> The problem:
Could you copy all of the records below exactly as they appear?

Records contained in a dataset
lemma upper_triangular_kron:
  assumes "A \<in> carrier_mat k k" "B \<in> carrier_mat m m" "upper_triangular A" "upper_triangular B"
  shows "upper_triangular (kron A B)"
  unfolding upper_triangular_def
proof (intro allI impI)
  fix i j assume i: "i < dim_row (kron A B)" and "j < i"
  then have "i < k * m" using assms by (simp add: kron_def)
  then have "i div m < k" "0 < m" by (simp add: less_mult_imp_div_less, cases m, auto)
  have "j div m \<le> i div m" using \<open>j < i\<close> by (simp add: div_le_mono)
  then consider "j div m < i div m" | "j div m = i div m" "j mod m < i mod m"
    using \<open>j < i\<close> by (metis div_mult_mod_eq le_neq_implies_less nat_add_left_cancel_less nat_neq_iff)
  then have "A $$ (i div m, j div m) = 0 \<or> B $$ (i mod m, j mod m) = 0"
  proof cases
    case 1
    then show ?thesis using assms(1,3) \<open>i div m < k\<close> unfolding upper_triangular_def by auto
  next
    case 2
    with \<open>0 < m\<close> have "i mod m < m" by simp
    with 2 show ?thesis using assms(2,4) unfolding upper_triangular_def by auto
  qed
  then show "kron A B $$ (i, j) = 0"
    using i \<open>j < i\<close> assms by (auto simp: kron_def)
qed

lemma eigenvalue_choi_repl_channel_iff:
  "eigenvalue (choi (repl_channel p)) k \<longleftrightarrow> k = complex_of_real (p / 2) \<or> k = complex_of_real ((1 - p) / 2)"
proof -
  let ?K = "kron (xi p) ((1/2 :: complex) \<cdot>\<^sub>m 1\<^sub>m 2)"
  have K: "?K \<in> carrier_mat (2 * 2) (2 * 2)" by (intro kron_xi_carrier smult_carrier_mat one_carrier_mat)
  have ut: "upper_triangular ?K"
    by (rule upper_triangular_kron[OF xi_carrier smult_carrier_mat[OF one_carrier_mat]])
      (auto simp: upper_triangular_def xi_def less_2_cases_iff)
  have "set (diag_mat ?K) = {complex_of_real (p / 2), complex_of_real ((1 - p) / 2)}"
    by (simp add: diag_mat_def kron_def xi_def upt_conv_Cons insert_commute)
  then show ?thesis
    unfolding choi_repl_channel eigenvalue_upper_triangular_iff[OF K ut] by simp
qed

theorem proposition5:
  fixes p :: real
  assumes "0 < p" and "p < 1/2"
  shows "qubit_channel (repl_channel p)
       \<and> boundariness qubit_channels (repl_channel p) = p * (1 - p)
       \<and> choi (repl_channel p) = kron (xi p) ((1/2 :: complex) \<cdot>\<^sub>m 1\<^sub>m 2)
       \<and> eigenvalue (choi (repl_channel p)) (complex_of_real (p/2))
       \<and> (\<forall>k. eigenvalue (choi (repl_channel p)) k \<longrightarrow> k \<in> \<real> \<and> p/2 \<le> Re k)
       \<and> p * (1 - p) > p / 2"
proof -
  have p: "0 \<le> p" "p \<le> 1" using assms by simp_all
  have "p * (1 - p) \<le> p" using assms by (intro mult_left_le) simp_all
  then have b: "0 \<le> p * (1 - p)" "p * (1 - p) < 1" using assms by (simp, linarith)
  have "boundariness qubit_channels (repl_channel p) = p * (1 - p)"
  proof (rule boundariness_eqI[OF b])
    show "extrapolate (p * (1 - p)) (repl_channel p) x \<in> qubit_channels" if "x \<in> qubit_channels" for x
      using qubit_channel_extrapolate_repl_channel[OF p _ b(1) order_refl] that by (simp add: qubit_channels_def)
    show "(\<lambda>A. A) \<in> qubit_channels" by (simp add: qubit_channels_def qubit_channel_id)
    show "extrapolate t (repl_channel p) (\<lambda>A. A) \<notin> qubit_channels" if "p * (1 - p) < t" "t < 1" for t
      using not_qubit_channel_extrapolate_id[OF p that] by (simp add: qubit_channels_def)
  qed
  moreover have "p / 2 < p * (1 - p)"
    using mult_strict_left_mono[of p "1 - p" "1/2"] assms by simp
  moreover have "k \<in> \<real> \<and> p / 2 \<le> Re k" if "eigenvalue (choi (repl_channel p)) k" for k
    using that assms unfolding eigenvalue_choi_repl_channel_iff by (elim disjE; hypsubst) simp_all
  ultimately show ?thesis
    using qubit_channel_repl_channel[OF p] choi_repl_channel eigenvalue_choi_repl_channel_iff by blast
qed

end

> Answer box:
lemma upper_triangular_kron:
  assumes "A \<in> carrier_mat k k" "B \<in> carrier_mat m m" "upper_triangular A" "upper_triangular B"
  shows "upper_triangular (kron A B)"
  unfolding upper_triangular_def
proof (intro allI impI)
  fix i j assume i: "i < dim_row (kron A B)" and "j < i"
  then have "i < k * m" using assms by (simp add: kron_def)
  then have "i div m < k" "0 < m" by (simp add: less_mult_imp_div_less, cases m, auto)
  have "j div m \<le> i div m" using \<open>j < i\<close> by (simp add: div_le_mono)
  then consider "j div m < i div m" | "j div m = i div m" "j mod m < i mod m"
    using \<open>j < i\<close> by (metis div_mult_mod_eq le_neq_implies_less nat_add_left_cancel_less nat_neq_iff)
  then have "A $$ (i div m, j div m) = 0 \<or> B $$ (i mod m, j mod m) = 0"
  proof cases
    case 1
    then show ?thesis using assms(1,3) \<open>i div m < k\<close> unfolding upper_triangular_def by auto
  next
    case 2
    with \<open>0 < m\<close> have "i mod m < m" by simp
    with 2 show ?thesis using assms(2,4) unfolding upper_triangular_def by auto
  qed
  then show "kron A B $$ (i, j) = 0"
    using i \<open>j < i\<close> assms by (auto simp: kron_def)
qed

lemma eigenvalue_choi_repl_channel_iff:
  "eigenvalue (choi (repl_channel p)) k \<longleftrightarrow> k = complex_of_real (p / 2) \<or> k = complex_of_real ((1 - p) / 2)"
proof -
  let ?K = "kron (xi p) ((1/2 :: complex) \<cdot>\<^sub>m 1\<^sub>m 2)"
  have K: "?K \<in> carrier_mat (2 * 2) (2 * 2)" by (intro kron_xi_carrier smult_carrier_mat one_carrier_mat)
  have ut: "upper_triangular ?K"
    by (rule upper_triangular_kron[OF xi_carrier smult_carrier_mat[OF one_carrier_mat]])
      (auto simp: upper_triangular_def xi_def less_2_cases_iff)
  have "set (diag_mat ?K) = {complex_of_real (p / 2), complex_of_real ((1 - p) / 2)}"
    by (simp add: diag_mat_def kron_def xi_def upt_conv_Cons insert_commute)
  then show ?thesis
    unfolding choi_repl_channel eigenvalue_upper_triangular_iff[OF K ut] by simp
qed

theorem proposition5:
  fixes p :: real
  assumes "0 < p" and "p < 1/2"
  shows "qubit_channel (repl_channel p)
       \<and> boundariness qubit_channels (repl_channel p) = p * (1 - p)
       \<and> choi (repl_channel p) = kron (xi p) ((1/2 :: complex) \<cdot>\<^sub>m 1\<^sub>m 2)
       \<and> eigenvalue (choi (repl_channel p)) (complex_of_real (p/2))
       \<and> (\<forall>k. eigenvalue (choi (repl_channel p)) k \<longrightarrow> k \<in> \<real> \<and> p/2 \<le> Re k)
       \<and> p * (1 - p) > p / 2"
proof -
  have p: "0 \<le> p" "p \<le> 1" using assms by simp_all
  have "p * (1 - p) \<le> p" using assms by (intro mult_left_le) simp_all
  then have b: "0 \<le> p * (1 - p)" "p * (1 - p) < 1" using assms by (simp, linarith)
  have "boundariness qubit_channels (repl_channel p) = p * (1 - p)"
  proof (rule boundariness_eqI[OF b])
    show "extrapolate (p * (1 - p)) (repl_channel p) x \<in> qubit_channels" if "x \<in> qubit_channels" for x
      using qubit_channel_extrapolate_repl_channel[OF p _ b(1) order_refl] that by (simp add: qubit_channels_def)
    show "(\<lambda>A. A) \<in> qubit_channels" by (simp add: qubit_channels_def qubit_channel_id)
    show "extrapolate t (repl_channel p) (\<lambda>A. A) \<notin> qubit_channels" if "p * (1 - p) < t" "t < 1" for t
      using not_qubit_channel_extrapolate_id[OF p that] by (simp add: qubit_channels_def)
  qed
  moreover have "p / 2 < p * (1 - p)"
    using mult_strict_left_mono[of p "1 - p" "1/2"] assms by simp
  moreover have "k \<in> \<real> \<and> p / 2 \<le> Re k" if "eigenvalue (choi (repl_channel p)) k" for k
    using that assms unfolding eigenvalue_choi_repl_channel_iff by (elim disjE; hypsubst) simp_all
  ultimately show ?thesis
    using qubit_channel_repl_channel[OF p] choi_repl_channel eigenvalue_choi_repl_channel_iff by blast
qed

end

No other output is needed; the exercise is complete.